BEGIN RECORDS PROVIDED

(* Let $\sigma\colon\Sigma\to\Sigma$ be a topologically mixing two-sided subshift of finite type with a Gibbs measure $\mu$ of a H\"older potential, $0<\theta<1$, $f\colon\Sigma\to\mathbb R$ Lipschitz w.r.t. $d_\theta$ with $\int f\,d\mu=0$, and $F(x,r)=(\sigma x,r+f(x))$. If $F$ is accessible, then $f$ is not cohomologous to zero, i.e. there is no measurable $w\colon\Sigma\to\mathbb R$ with $f=w\circ\sigma-w$ $\mu$-almost everywhere.
   Context: $d_\theta(x,y)=\theta^{\max\{j:\ x_i=y_i\ \forall|i|<j\}}$, $f_n=\sum_{i<n}f\circ\sigma^i$. $(y,s)\in W^s(x,r)$ iff $y_i=x_i$ for all sufficiently large $i$ and $s-r=\lim_n(f_n(x)-f_n(y))$; $(y,s)\in W^u(x,r)$ iff $y_i=x_i$ for all sufficiently negative $i$ and $s-r=\lim_n(f_n(\sigma^{-n}y)-f_n(\sigma^{-n}x))$; $F$ is accessible if any two points of $\Sigma\times\mathbb R$ are joined by a finite chain of points each in $W^s$ or $W^u$ of the previous one. *)

theory Defs
  imports "HOL-Probability.Probability"
begin

type_synonym seq = "int \<Rightarrow> nat"

definition SFT :: "nat \<Rightarrow> (nat \<Rightarrow> nat \<Rightarrow> bool) \<Rightarrow> seq set" where
  "SFT k A = {x. \<forall>i. x i < k \<and> A (x i) (x (i + 1))}"

definition shift :: "seq \<Rightarrow> seq" where
  "shift x = (\<lambda>i. x (i + 1))"

definition shiftn :: "int \<Rightarrow> seq \<Rightarrow> seq" where
  "shiftn n x = (\<lambda>i. x (i + n))"

text \<open>Cylinder sets; they form a base of the d_theta topology and generate the Borel sets of Sigma.\<close>
definition cyl :: "seq set \<Rightarrow> int \<Rightarrow> int \<Rightarrow> seq \<Rightarrow> seq set" where
  "cyl S m n w = {y \<in> S. \<forall>i. m \<le> i \<and> i \<le> n \<longrightarrow> y i = w i}"

definition cylinders :: "seq set \<Rightarrow> seq set set" where
  "cylinders S = {cyl S m n w | m n w. True}"

text \<open>Topological mixing, stated on the base of symmetric cylinders [-m,m].\<close>
definition topologically_mixing :: "seq set \<Rightarrow> bool" where
  "topologically_mixing S \<longleftrightarrow>
     (\<forall>x\<in>S. \<forall>y\<in>S. \<forall>m::int. \<exists>N::nat. \<forall>n\<ge>N.
        \<exists>z\<in>S. (\<forall>i. \<bar>i\<bar> \<le> m \<longrightarrow> z i = x i) \<and>
               (\<forall>i. \<bar>i\<bar> \<le> m \<longrightarrow> shiftn (int n) z i = y i))"

definition d_theta :: "real \<Rightarrow> seq \<Rightarrow> seq \<Rightarrow> real" where
  "d_theta \<theta> x y = (if x = y then 0
      else \<theta> ^ (GREATEST j::nat. \<forall>i::int. \<bar>i\<bar> < int j \<longrightarrow> x i = y i))"

definition lipschitz_dtheta :: "seq set \<Rightarrow> real \<Rightarrow> (seq \<Rightarrow> real) \<Rightarrow> bool" where
  "lipschitz_dtheta S \<theta> g \<longleftrightarrow> (\<exists>C. \<forall>x\<in>S. \<forall>y\<in>S. \<bar>g x - g y\<bar> \<le> C * d_theta \<theta> x y)"

text \<open>Hoelder potential: Hoelder w.r.t. some d_theta', equivalently Lipschitz w.r.t. some d_theta'.\<close>
definition holder :: "seq set \<Rightarrow> (seq \<Rightarrow> real) \<Rightarrow> bool" where
  "holder S \<phi> \<longleftrightarrow> (\<exists>\<theta>' \<alpha> C. 0 < \<theta>' \<and> \<theta>' < 1 \<and> 0 < \<alpha> \<and> \<alpha> \<le> 1 \<and>
      (\<forall>x\<in>S. \<forall>y\<in>S. \<bar>\<phi> x - \<phi> y\<bar> \<le> C * d_theta \<theta>' x y powr \<alpha>))"

definition birkhoff :: "(seq \<Rightarrow> real) \<Rightarrow> nat \<Rightarrow> seq \<Rightarrow> real" where
  "birkhoff g n x = (\<Sum>i<n. g ((shift ^^ i) x))"

definition gibbs_measure :: "seq set \<Rightarrow> seq measure \<Rightarrow> bool" where
  "gibbs_measure S \<mu> \<longleftrightarrow>
     prob_space \<mu> \<and> space \<mu> = S \<and> sets \<mu> = sigma_sets S (cylinders S) \<and>
     (\<forall>B\<in>sets \<mu>. shift -` B \<inter> S \<in> sets \<mu> \<and> measure \<mu> (shift -` B \<inter> S) = measure \<mu> B) \<and>
     (\<exists>\<phi> P c1 c2. holder S \<phi> \<and> 0 < c1 \<and> 0 < c2 \<and>
        (\<forall>x\<in>S. \<forall>n\<ge>1.
           c1 * exp (- real n * P + birkhoff \<phi> n x) \<le> measure \<mu> (cyl S 0 (int n - 1) x) \<and>
           measure \<mu> (cyl S 0 (int n - 1) x) \<le> c2 * exp (- real n * P + birkhoff \<phi> n x)))"

definition Ws :: "seq set \<Rightarrow> (seq \<Rightarrow> real) \<Rightarrow> seq \<times> real \<Rightarrow> (seq \<times> real) set" where
  "Ws S f p = {(y, s). y \<in> S \<and> (\<exists>N. \<forall>i\<ge>N. y i = fst p i) \<and>
      (\<lambda>n. birkhoff f n (fst p) - birkhoff f n y) \<longlonglongrightarrow> s - snd p}"

definition Wu :: "seq set \<Rightarrow> (seq \<Rightarrow> real) \<Rightarrow> seq \<times> real \<Rightarrow> (seq \<times> real) set" where
  "Wu S f p = {(y, s). y \<in> S \<and> (\<exists>N. \<forall>i\<le>N. y i = fst p i) \<and>
      (\<lambda>n. birkhoff f n (shiftn (- int n) y) - birkhoff f n (shiftn (- int n) (fst p)))
         \<longlonglongrightarrow> s - snd p}"

definition accessible :: "seq set \<Rightarrow> (seq \<Rightarrow> real) \<Rightarrow> bool" where
  "accessible S f \<longleftrightarrow>
     (\<forall>p\<in>S \<times> UNIV. \<forall>q\<in>S \<times> UNIV. (\<lambda>a b. b \<in> Ws S f a \<union> Wu S f a)\<^sup>*\<^sup>* p q)"

end

theory Submission
  imports Defs
begin

text \<open>Suppose \<open>f = w \<circ> shift - w\<close> almost everywhere with \<open>w\<close> measurable. If \<open>x\<close> and
  \<open>y\<close> differ in finitely many coordinates, the sum of \<open>f (\<sigma>\<^sup>i x) - f (\<sigma>\<^sup>i y)\<close> over
  \<open>-n \<le> i < n\<close> telescopes to a combination of values of \<open>w\<close> at \<open>\<sigma>\<^sup>n\<close> and \<open>\<sigma>\<^sup>-\<^sup>n\<close> of
  \<open>x\<close> and \<open>y\<close>. Replacing the central block of points near \<open>x\<close> by that of \<open>y\<close> is nonsingular
  for the Gibbs measure (bounded distortion), so by Lusin's theorem these values nearly agree
  for many such pairs of points; with the Lipschitz continuity of \<open>f\<close> this shows that the
  two-sided sum for \<open>x, y\<close> vanishes in the limit.

  Using mixing, connect every point to a fixed point \<open>p\<close> outside a large window \<open>[-K, K]\<close>.
  For two such regularised points the forward sum of the differences converges. Along a
  stable leg from \<open>(x, r)\<close> to \<open>(y, s)\<close> it tends to \<open>s - r\<close> as \<open>K\<close> grows; along an unstable
  leg the backward sum does, and it has the same limit as the forward sum because the
  two-sided sum vanishes. Hence along an accessibility chain from \<open>(p, 0)\<close> to \<open>(p, 1)\<close> the
  limit would be \<open>1\<close>, while for \<open>x = y = p\<close> it is \<open>0\<close>.\<close>

section \<open>Shifts and the metric\<close>

lemma shiftn_shiftn [simp]: "shiftn a (shiftn b x) = shiftn (a + b) x"
  by (simp add: shiftn_def add.commute add.left_commute)

lemma shiftn_0 [simp]: "shiftn 0 x = x"
  by (simp add: shiftn_def)

lemma shiftn_apply: "shiftn n x i = x (i + n)"
  by (simp add: shiftn_def)

lemma shiftn_in_SFT: "x \<in> SFT k A \<Longrightarrow> shiftn n x \<in> SFT k A"
  unfolding SFT_def shiftn_def by (auto, metis add.commute add.left_commute)

lemma shift_eq_shiftn: "shift = shiftn 1"
  by (simp add: fun_eq_iff shift_def shiftn_def)

lemma funpow_shift: "(shift ^^ i) x = shiftn (int i) x"
  by (induction i arbitrary: x) (auto simp: shift_eq_shiftn add.commute)

lemma birkhoff_eq_sum: "birkhoff g n x = (\<Sum>i<n. g (shiftn (int i) x))"
  by (simp add: birkhoff_def funpow_shift)

lemma birkhoff_shiftn_neg: "birkhoff g n (shiftn (- int n) x) = (\<Sum>i<n. g (shiftn (- int i - 1) x))"
proof -
  have "birkhoff g n (shiftn (- int n) x) = (\<Sum>i<n. (\<lambda>j. g (shiftn (- int j - 1) x)) (n - Suc i))"
    unfolding birkhoff_eq_sum by (rule sum.cong) (auto simp: of_nat_diff)
  also have "\<dots> = (\<Sum>i<n. g (shiftn (- int i - 1) x))" by (rule sum.nat_diff_reindex)
  finally show ?thesis .
qed

lemma d_theta_nonneg: "0 \<le> \<theta> \<Longrightarrow> 0 \<le> d_theta \<theta> x y"
  by (simp add: d_theta_def)

lemma d_theta_le_power:
  assumes "0 \<le> \<theta>" "\<theta> \<le> 1" and agree: "\<forall>j. \<bar>j\<bar> < int r \<longrightarrow> x j = y j"
  shows "d_theta \<theta> x y \<le> \<theta> ^ r"
proof (cases "x = y")
  case True
  then show ?thesis using assms by (simp add: d_theta_def)
next
  case False
  then obtain i0 where i0: "x i0 \<noteq> y i0" by auto
  let ?P = "\<lambda>j::nat. \<forall>i::int. \<bar>i\<bar> < int j \<longrightarrow> x i = y i"
  have bound: "\<forall>j. ?P j \<longrightarrow> j \<le> nat \<bar>i0\<bar>"
    using i0 by (metis int_nat_eq abs_ge_zero not_le of_nat_less_iff)
  have "r \<le> (GREATEST j. ?P j)"
    by (rule Greatest_le_nat[of ?P r "nat \<bar>i0\<bar>"]) (use agree bound in auto)
  then have "\<theta> ^ (GREATEST j. ?P j) \<le> \<theta> ^ r"
    using assms by (simp add: power_decreasing)
  then show ?thesis using False by (simp add: d_theta_def)
qed

lemma holder_geometric_bound:
  assumes "holder S \<phi>"
  obtains q C where "0 < q" "q < 1" "0 \<le> C"
    "\<And>x y r. x \<in> S \<Longrightarrow> y \<in> S \<Longrightarrow> \<forall>j. \<bar>j\<bar> < int r \<longrightarrow> x j = y j \<Longrightarrow> \<bar>\<phi> x - \<phi> y\<bar> \<le> C * q ^ r"
proof -
  obtain t a C where t: "0 < t" "t < 1" "0 < a" "a \<le> 1" and
    HC: "\<forall>x\<in>S. \<forall>y\<in>S. \<bar>\<phi> x - \<phi> y\<bar> \<le> C * d_theta t x y powr a"
    using assms unfolding holder_def by blast
  define q where "q = t powr a"
  have "t powr a < 1 powr a" using t by (intro powr_less_mono2) auto
  then have q: "0 < q" "q < 1" using t by (auto simp: q_def)
  have "\<bar>\<phi> x - \<phi> y\<bar> \<le> max C 0 * q ^ r"
    if xy: "x \<in> S" "y \<in> S" "\<forall>j. \<bar>j\<bar> < int r \<longrightarrow> x j = y j" for x y r
  proof -
    have "d_theta t x y powr a \<le> (t ^ r) powr a"
      using d_theta_le_power[of t r x y] d_theta_nonneg[of t x y] t xy by (intro powr_mono2) auto
    also have "(t ^ r) powr a = q ^ r" using t
      by (simp add: q_def powr_realpow[symmetric] powr_powr powr_power mult.commute)
    finally have dq: "d_theta t x y powr a \<le> q ^ r" .
    have "\<bar>\<phi> x - \<phi> y\<bar> \<le> C * d_theta t x y powr a" using HC xy by auto
    also have "\<dots> \<le> max C 0 * d_theta t x y powr a" by (intro mult_right_mono) auto
    also have "\<dots> \<le> max C 0 * q ^ r" using dq by (intro mult_left_mono) auto
    finally show ?thesis .
  qed
  then show ?thesis using q that[of q "max C 0"] by auto
qed

lemma sum_geometric_le: "0 \<le> (q::real) \<Longrightarrow> q < 1 \<Longrightarrow> (\<Sum>i<n. q ^ i) \<le> 1 / (1 - q)"
  by (simp add: sum_gp_strict divide_right_mono)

END RECORDS PROVIDED

:: DIRECTIONS ::
Wherever a line contains the string "forward", copy that line from the data.

:: RESULT BELOW ::
  For two such regularised points the forward sum of the differences converges. Along a
  leg the backward sum does, and it has the same limit as the forward sum because the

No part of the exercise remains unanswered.